Ruthenium-based sensor detects nitric oxide

8 February 2019:

In a new publication, a responsive Ruthenium-based luminescence sensor was employed as a molecular probe for detecting nitric oxide (NO). The research suggests potential clinical utility for the measurement of soluble NO in the circulation system and possibly tissue. Lead authors of this paper are CNBP’s Dr Achini Vidanapathirana and Benjamin Pullen (both based at SAHMRI).

Journal: Scientific Reports.

Publication title:  A Novel Ruthenium-based Molecular Sensor to Detect Endothelial Nitric Oxide.

Authors: Achini K. Vidanapathirana, Benjamin J. Pullen, Run Zhang, MyNgan Duong, Jarrad M.Goyne, Xiaozhou Zhang, Claudine S. Bonder, Andrew D.Abell, Christina A. Bursill, Stephen J. Nicholls & Peter J. Psaltis.

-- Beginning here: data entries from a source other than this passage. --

lemma Df_mult:
  assumes g: "g \<in> Df Y f" and h: "h \<in> Df Y f"
  shows "(\<lambda>x. g x * h x) \<in> Df Y f"
proof -
  obtain B1 where B1: "B1 > 0" "\<And>x. norm (g x) \<le> B1" using g Df_subset_Cb Cb_boundE by blast
  obtain B2 where B2: "B2 > 0" "\<And>x. norm (h x) \<le> B2" using h Df_subset_Cb Cb_boundE by blast
  have "(\<lambda>x. g x * h x) \<in> Cb" using assms Df_subset_Cb by (blast intro: Cb_mult)
  then show ?thesis
  proof (rule Df_if_increment_bounded[OF _ g h])
    show "B1 + B2 > 0" using B1(1) B2(1) by simp
    fix x y
    have "norm (g x * h x - g y * h y) = norm (g x * (h x - h y) + (g x - g y) * h y)"
      by (simp add: algebra_simps)
    also have "\<dots> \<le> norm (g x) * norm (h x - h y) + norm (g x - g y) * norm (h y)"
      by (intro norm_triangle_le add_mono norm_mult_ineq)
    also have "\<dots> \<le> B1 * norm (h x - h y) + norm (g x - g y) * B2"
      using B1(2) B2(2) by (intro add_mono mult_right_mono mult_left_mono) auto
    also have "\<dots> \<le> (B1 + B2) * (norm (g x - g y) + norm (h x - h y))"
      using B1(1) B2(1) by (simp add: algebra_simps)
    finally show "norm (g x * h x - g y * h y) \<le> (B1 + B2) * (norm (g x - g y) + norm (h x - h y))" .
  qed
qed

lemma Df_bounded_linear_comp:
  assumes L: "bounded_linear L" and g: "g \<in> Df Y f"
  shows "(\<lambda>x. L (g x)) \<in> Df Y f"
proof -
  interpret L: bounded_linear L by fact
  obtain K where K: "K > 0" "\<And>x. norm (L x) \<le> norm x * K" using L.pos_bounded by blast
  have "(\<lambda>x. L (g x)) \<in> Cb" using L g Df_subset_Cb by (blast intro: Cb_bounded_linear_comp)
  then show ?thesis
  proof (rule Df_if_increment_bounded[OF _ g g K(1)])
    fix x y
    have "norm (L (g x) - L (g y)) \<le> K * norm (g x - g y)"
      using K(2)[of "g x - g y"] by (simp add: L.diff mult.commute)
    also have "\<dots> \<le> K * (norm (g x - g y) + norm (g x - g y))" using K(1) by simp
    finally show "norm (L (g x) - L (g y)) \<le> K * (norm (g x - g y) + norm (g x - g y))" .
  qed
qed

lemma Df_closed_uniform_limit:
  assumes g: "g \<in> Cb" and approx: "\<forall>e>0. \<exists>h\<in>Df Y f. \<forall>x. norm (g x - h x) < e"
  shows "g \<in> Df Y f"
proof -
  have "\<forall>\<^sub>F n in sequentially. \<forall>x\<in>Y n. \<forall>y\<in>Y n.
          dist x y < 1 / real (f n) \<longrightarrow> norm (g x - g y) < 3 * d" if "d > 0" for d
  proof -
    obtain h where h: "h \<in> Df Y f" "\<And>x. norm (g x - h x) < d" using approx \<open>d > 0\<close> by blast
    with \<open>d > 0\<close> have "\<forall>\<^sub>F n in sequentially. \<forall>x\<in>Y n. \<forall>y\<in>Y n.
          dist x y < 1 / real (f n) \<longrightarrow> norm (h x - h y) < d"
      unfolding Df_iff_eventually by blast
    then show ?thesis
    proof (rule eventually_mono, intro ballI impI)
      fix n x y assume "\<forall>x\<in>Y n. \<forall>y\<in>Y n. dist x y < 1 / real (f n) \<longrightarrow> norm (h x - h y) < d"
        and "x \<in> Y n" "y \<in> Y n" "dist x y < 1 / real (f n)"
      then have "norm (h x - h y) < d" by blast
      moreover have "norm (h y - g y) < d" using h(2)[of y] by (simp add: norm_minus_commute)
      ultimately have "norm (g x - g y) < d + (d + d)"
        using h(2)[of x] by (intro norm_diff_triangle_less) auto
      then show "norm (g x - g y) < 3 * d" by simp
    qed
  qed
  from this[of "e / 3" for e] g show ?thesis by (simp add: Df_iff_eventually)
qed

lemma cstar_subalgebra_Df: "cstar_subalgebra (Df Y f)"
  unfolding cstar_subalgebra_def
proof (intro conjI ballI allI impI)
  show "\<And>g c. g \<in> Df Y f \<Longrightarrow> (\<lambda>x. scaleC c (g x)) \<in> Df Y f"
    using bounded_linear_scaleC by (rule Df_bounded_linear_comp)
  show "\<And>g. g \<in> Df Y f \<Longrightarrow> (\<lambda>x. cstar (g x)) \<in> Df Y f"
    using bounded_linear_cstar by (rule Df_bounded_linear_comp)
qed (simp_all add: Df_subset_Cb Df_const Df_add Df_mult Df_closed_uniform_limit)

lemma unital_subalgebra_Df:
  assumes "unital_alg TYPE('a::cstar_algebra)"
  shows "unital_subalgebra (Df Y f :: ('x::metric_space \<Rightarrow> 'a) set)"
  using assms Df_const unfolding unital_alg_def unital_subalgebra_def by blast

lemma Df_mono:
  assumes f1: "f1 \<in> NN" and le: "eventually_le f1 f2"
  shows "Df Y f1 \<subseteq> Df Y f2"
proof
  fix g assume g: "g \<in> Df Y f1"
  have "\<forall>\<^sub>F n in sequentially. \<forall>x\<in>Y n. \<forall>y\<in>Y n.
          dist x y < 1 / real (f2 n) \<longrightarrow> norm (g x - g y) < e" if "e > 0" for e
  proof -
    have "\<forall>\<^sub>F n in sequentially. 1 / real (f2 n) \<le> 1 / real (f1 n)"
      using le f1 unfolding eventually_le_def NN_def by (auto elim!: eventually_mono intro: frac_le)
    moreover have "\<forall>\<^sub>F n in sequentially. \<forall>x\<in>Y n. \<forall>y\<in>Y n.
          dist x y < 1 / real (f1 n) \<longrightarrow> norm (g x - g y) < e"
      using g \<open>e > 0\<close> by (simp add: Df_iff_eventually)
    ultimately show ?thesis by eventually_elim (meson order_less_le_trans)
  qed
  with g show "g \<in> Df Y f2" by (simp add: Df_iff_eventually)
qed

lemma Cf_mono: "f1 \<in> NN \<Longrightarrow> eventually_le f1 f2 \<Longrightarrow> Cf Y f1 \<subseteq> Cf Y f2"
  unfolding Cf_def by (intro image_mono Df_mono)

lemma Cb_imp_ex_Df:
  fixes g :: "'x::metric_space \<Rightarrow> 'a::cstar_algebra"
  assumes g: "g \<in> Cb" and Y_compact: "\<And>n. compact (Y n)"
  shows "\<exists>f\<in>NN. g \<in> Df Y f"
proof -
  have "\<exists>d>0. \<forall>x\<in>Y n. \<forall>y\<in>Y n. dist x y < d \<longrightarrow> norm (g x - g y) < inverse (real (Suc n))" for n
  proof -
    have "uniformly_continuous_on (Y n) g"
      using g Y_compact[of n] unfolding Cb_iff
      by (metis compact_uniformly_continuous continuous_on_subset subset_UNIV)
    then show ?thesis unfolding uniformly_continuous_on_def dist_norm[symmetric]
      by (metis of_nat_0_less_iff positive_imp_inverse_positive zero_less_Suc dist_commute)
  qed
  then obtain d where d: "\<And>n. d n > 0"
    "\<And>n x y. x \<in> Y n \<Longrightarrow> y \<in> Y n \<Longrightarrow> dist x y < d n \<Longrightarrow> norm (g x - g y) < inverse (real (Suc n))"
    by metis
  define f where "f n = nat \<lceil>1 / d n\<rceil> + 1" for n
  have "f \<in> NN" by (simp add: f_def NN_def)
  have f_le_d: "1 / real (f n) \<le> d n" for n
  proof -
    have "1 / d n \<le> real (f n)" "real (f n) > 0" unfolding f_def by linarith+
    with d(1)[of n] show ?thesis by (simp add: field_simps)
  qed
  have "\<forall>\<^sub>F n in sequentially. \<forall>x\<in>Y n. \<forall>y\<in>Y n.
          dist x y < 1 / real (f n) \<longrightarrow> norm (g x - g y) < e" if "e > 0" for e
  proof -
    have "\<forall>\<^sub>F n in sequentially. inverse (real (Suc n)) < e"
      using LIMSEQ_inverse_real_of_nat \<open>e > 0\<close> by (rule order_tendstoD)
    then show ?thesis
    proof (rule eventually_mono, intro ballI impI)
      fix n x y assume "inverse (real (Suc n)) < e" "x \<in> Y n" "y \<in> Y n" "dist x y < 1 / real (f n)"
      with f_le_d[of n] d(2)[of x n y] show "norm (g x - g y) < e" by linarith
    qed
  qed
  with g \<open>f \<in> NN\<close> show ?thesis by (auto simp: Df_iff_eventually)
qed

Abstract: Nitric oxide (NO) is a key regulator of endothelial cell and vascular function. The direct measurement of NO is challenging due to its short half-life, and as such surrogate measurements are typically used to approximate its relative concentrations. Here we demonstrate that ruthenium-based [Ru(bpy)2(dabpy)]2+ is a potent sensor for NO in its irreversible, NO-bound active form, [Ru(bpy)2(T-bpy)]2+. Using spectrophotometry we established the sensor’s ability to detect and measure soluble NO in a concentration-dependent manner in cell-free media. Endothelial cells cultured with acetylcholine or hydrogen peroxide to induce endogenous NO production showed modest increases of 7.3 ± 7.1% and 36.3 ± 25.0% respectively in fluorescence signal from baseline state, while addition of exogenous NO increased their fluorescence by 5.2-fold. The changes in fluorescence signal were proportionate and comparable against conventional NO assays. Rabbit blood samples immediately exposed to [Ru(bpy)2(dabpy)]2+ displayed 8-fold higher mean fluorescence, relative to blood without sensor. Approximately 14% of the observed signal was NO/NO adduct-specific. Optimal readings were obtained when sensor was added to freshly collected blood, remaining stable during subsequent freeze-thaw cycles. Clinical studies are now required to test the utility of [Ru(bpy)2(dabpy)]2+ as a sensor to detect changes in NO from human blood samples in cardiovascular health and disease.